Чесалось у меня как-то в носу. Даже не чесалось… Свербело до одури! Я уже и пальцем, и карандашом. Ни в какую не проходит! Мыкался, я мыкался и тут вижу: скрепка лежит среди моей школьной канцелярии. Скрепка получше карандаша и пальца будет!

Беру я, значит, ту самую скрепку и начинаю использовать, так сказать, с пользой для здоровья. Использовал-использовал и ненароком вдохнул. Сам не знаю, как то вышло. Вдохнуть она вдохнулась, а вот обратно никак не схотела. Я и так, и эдак – не выдыхается и все тут!

Мучаюсь я, значит, мучаюсь, а Камелия возьми да тете Гретель расскажи. Везде ей нос сунуть надобно! Ulsus gastrica (лат. Язва желудка), одним словом.

Подлетает ко мне тетя Гретель и давай вокруг меня ахать-охать, словно от ее ахов-охов что-то измениться.

Ахала она, значит, охала. Большей частью, конечно, сетовала, что мой заботливый родитель в очередную военную командировку укатил, а дядя Генри из экспедиции своей до сих пор не вернулся. А тут, что охай, что ахай, а выход один.

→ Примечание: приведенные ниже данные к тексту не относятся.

(* The $7$-dimensional nilpotent Lie algebra $(0,0,0,0,12,34,36)$ admits no calibrated $\mathrm{G}_2$-structure; more precisely, for every closed $\phi\in\Lambda^3\mathfrak g^*$ the $2$-form $e_7\lrcorner\,\phi$ lies in the span of $e^{13},e^{23},e^{34},e^{12},e^{36},e^{46}$ and satisfies $(e_7\lrcorner\,\phi)^3=0$.
   Context: Notation: $(a_1,\dots,a_n)$ denotes the Lie algebra having a basis $e^1,\dots,e^n$ of its dual with $de^i=a_i$, where e.g. "$12$" stands for $e^{12}=e^1\wedge e^2$; $e_1,\dots,e_n$ is the dual basis of $\mathfrak g$. A $3$-form on a $7$-dimensional Lie algebra defines a $\mathrm{G}_2$-structure if in some basis $f^1,\dots,f^7$ of $\mathfrak g^*$ it equals $f^{127}+f^{347}+f^{567}+f^{135}-f^{236}-f^{146}-f^{245}$; it is calibrated if it is closed under the Chevalley–Eilenberg differential $d$. *)

theory Defs
  imports "HOL-Combinatorics.Permutations" Complex_Main
begin

text \<open>The Lie algebra g has basis e_1..e_7 (indices 1..7 as nat).
A k-form on g is represented by its values on basis vectors,
alpha(e_a1,...,e_ak), as a function of the indices; the form is alternating.
Convention for the Chevalley-Eilenberg differential: d alpha(x,y) = - alpha([x,y])
on 1-forms, and for 3-forms the standard formula
d phi(x0,x1,x2,x3) = sum_{i<j} (-1)^(i+j) phi([xi,xj], ...).\<close>

definition idx :: "nat set" where "idx = {1..7}"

От больницы Святого Доминика я тотчас отмахиваться стал, от всех остальных, впрочем, тоже. Побывал однажды со сломанной рукой в одной такой больнице – с лихвой хватило! В общем, упросил везти меня в Аглаэре, пообещав, что меня там примут как родного даже при отсутствии заботливого родителя. Поверила.

До чего же красив Аглаэре в разгар зимы! Выставочные пушки инеем-снежком серебрятся, кусты-клумбы под снежными шапками спят, крыши больничных корпусов белее-белого. Не военный госпиталь, а сказка, одним словом!

Проходим было за ворота, а нас не пускают. Во, бдительность какая! Тетя Гретель стоит в онемении от такого радушного приемчика, но ей простительно – она с военным делом никоем образом не знакома, а я давай постовым объяснять, что я есть сыночек военного хирурга Аллесандро Спейчери. Признали! Подивились, как я подрос. Ну конечно, четырнадцать, как никак, исполняется! Это вам не хухры-мухры!

В общем, отдали служивые мне честь и пропустили вместе с экипажем и тетей Гретель прямиком до главного корпуса. Там тоже все похвали мою стремительную возмужалость и препроводили треклятую скрепку вытаскивать. Военный врач быстро это дело достал. Достать-то достал, но тут у меня кровь носом как хлестанет! Как зафантанирует! Тут же тампон со спиртом, тут же лед к переносице, а что от них толку? Говорю: «Несите кастрюльку, это надолго…» и, спохватившись, поясняю, что гемофелик.

Военный врач побледнел, медсестра чуть в обморок не рухнулась. Да-а, видать, видывали на поле боя всякое, а живого гемофелика навряд ли… Такой кипишь вокруг меня подняли! Кастрюльку, правда, принесли и очередную грелку со льдом… две штуки.

Кровил, я, значит, кровил, фонтанировал-фонтанировал, уже синим китом представлять себя всецело начал, как тут военный врач говорит беспрерывно охающей тете Гретель: «Так, мол, и так, но мы его домой не отпустим», ну, а мне, соответственно: «Прости, парень, но придется тебе у нас подзадержаться».

У меня враз лыба от уха до уха! Да я даже и мечтать не смел о таком счастье! Меж тем, военный врач с медсестрой ошарашенно дрогнули и перекрестились. Страшно, наверное, видеть лыбу от уха до уха на окровавленной физиономии.

- Кровопотеря, - говорят, - у него чересчур большая, как бы переливание крови не потребовалось.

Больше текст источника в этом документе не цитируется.